A liquid thermoplastic resin for pultrusion has been developed by Arkema. Elium® is suitable for thermoset resin processes such as pultrusion, RTM and infusion, using glass or carbon fibre with Elium-compatible sizing. Since Elium acts like a thermoplastic, it can be thermoformed, welded and recycled. Elium 591 and C595 are designed for pultrusion. The liquid acrylic resin undergoes radical polymerisation at moderate die temperatures (up to 115°C) and reactivity is adjustable with conventional peroxides. It has a viscosity of 500 mPA.s at room temperature, is pigmentable, and suitable for bath or injection processes. The resin is styrene and bisphenol A (BPA) free. According to Arkema’s Dr Alexander Zoller, in trials performed on a pultrusion line at IRT-M2P in France, profiles with good mechanical properties have been manufactured at line speeds of 0.35 m/min. Further optimisation is underway with the goal of increasing this to 1 m/min. Future developments will focus on developing a fire-retardant pultrusion resin.
Zoller highlighted GRP rebar as a potential application for Elium. Unlike thermoset rebar Elium rebar is ‘bendable’ and can be thermoformed into shape on the job site. It also exhibits excellent mechanical properties, as well as creep and chemical resistance.

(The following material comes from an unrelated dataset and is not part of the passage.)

(* Let $\mathcal{G}_{k-1}=(V,E_{k-1})$ be an unweighted simple directed graph, let $e_k=(u_k,v_k)$ with $u_k\neq v_k$ and $e_k\notin E_{k-1}$ be an edge to be inserted, and let $\mathcal{G}_k=(V,E_{k-1}\cup\{e_k\})$. Let $L_{k-1}$ be a list of $l_{k-1}$ spanning converging forests sampled uniformly from $\mathcal{F}(\mathcal{G}_{k-1})$. Let $L_k$ be the list obtained from $L_{k-1}$ by keeping all forests of $L_{k-1}$ and, in addition, for each $\phi\in L_{k-1}$ with $r_\phi(u_k)=u_k$ and $r_\phi(v_k)\neq u_k$, adding the forest $\phi\cup\{e_k\}$. Then all forests in $\mathcal{F}(\mathcal{G}_k)$ have the same probability of being included in $L_k$; that is, $\mathbb{P}(\phi_1\in L_k)=\mathbb{P}(\phi_2\in L_k)$ for all $\phi_1,\phi_2\in\mathcal{F}(\mathcal{G}_k)$.
   Context: A rooted converging tree is a weakly connected digraph without cycles in which one node (the root) has out-degree $0$ and every other node has out-degree $1$ (an isolated node is such a tree rooted at itself). A spanning converging forest of a digraph $\mathcal{G}=(V,E)$ is a spanning subgraph (containing all of $V$ and a subset of $E$, identified with its edge set) whose weakly connected components are rooted converging trees. $\mathcal{F}(\mathcal{G})$ denotes the set of all spanning converging forests of $\mathcal{G}$; $r_\phi(i)$ is the root of the tree of $\phi$ containing $i$. "Sampled uniformly" means each forest of $\mathcal{F}(\mathcal{G}_{k-1})$ is equally likely to appear in $L_{k-1}$ (e.g. the entries are independent uniform samples from $\mathcal{F}(\mathcal{G}_{k-1})$). The list $L_k$ is the output of the paper's Insert-Update procedure. *)

theory Defs
  imports "HOL-Probability.Probability"
begin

For high performance epoxy pultrusion, Dixie Chemical has been developing new anhydride curing agents. Anhydride-cured epoxies offer ease of handling, long working times and long pot life, as well as excellent high temperature performance and thermal stability, high strength and good chemical resistance. However they require relatively high temperature cures at extended times and they are challenging for pultrusion, where active catalysts are commonly used. As Michael J. Watkins, Senior Technical Advisor – Epoxy Thermosets, explained, there is growing demand for high performance pultruded parts as high strength reinforcement for wind turbine blades and high Tg cores for high voltage transmission lines. In response to this, Dixie initiated an R&D programme to develop epoxy curing agents for these challenging applications. The objective was to develop new catalyst technology for anhydride-epoxy pultrusion which could deliver precatalysed anhydrides with long shelf lives, long pot life with
epoxy at room temperature, as well as high reactivity at cure temperatures, a high cured Tg, and no promotion of epoxy homopolymerisation. Laboratory studies highlighted a new catalyst technology which, compared to commercial anhydrides used for pultrusion, demonstrates significantly lower viscosity, longer pot life and higher Tg. A pultrusion study was carried out at the University of Mississippi to evaluate the new catalyst technology and identify suitable mould releases and key formulation and process parameters. Watkins reports that the goal to develop pre-catalysed anhydrides suitable for demanding pultrusion applications was demonstrated. The new catalyst technology pultrudes 2.5-3 times faster than conventional latent catalysts and new products are in development. Since the formulations incorporated 10% filler, a positive impact on economics was achieved.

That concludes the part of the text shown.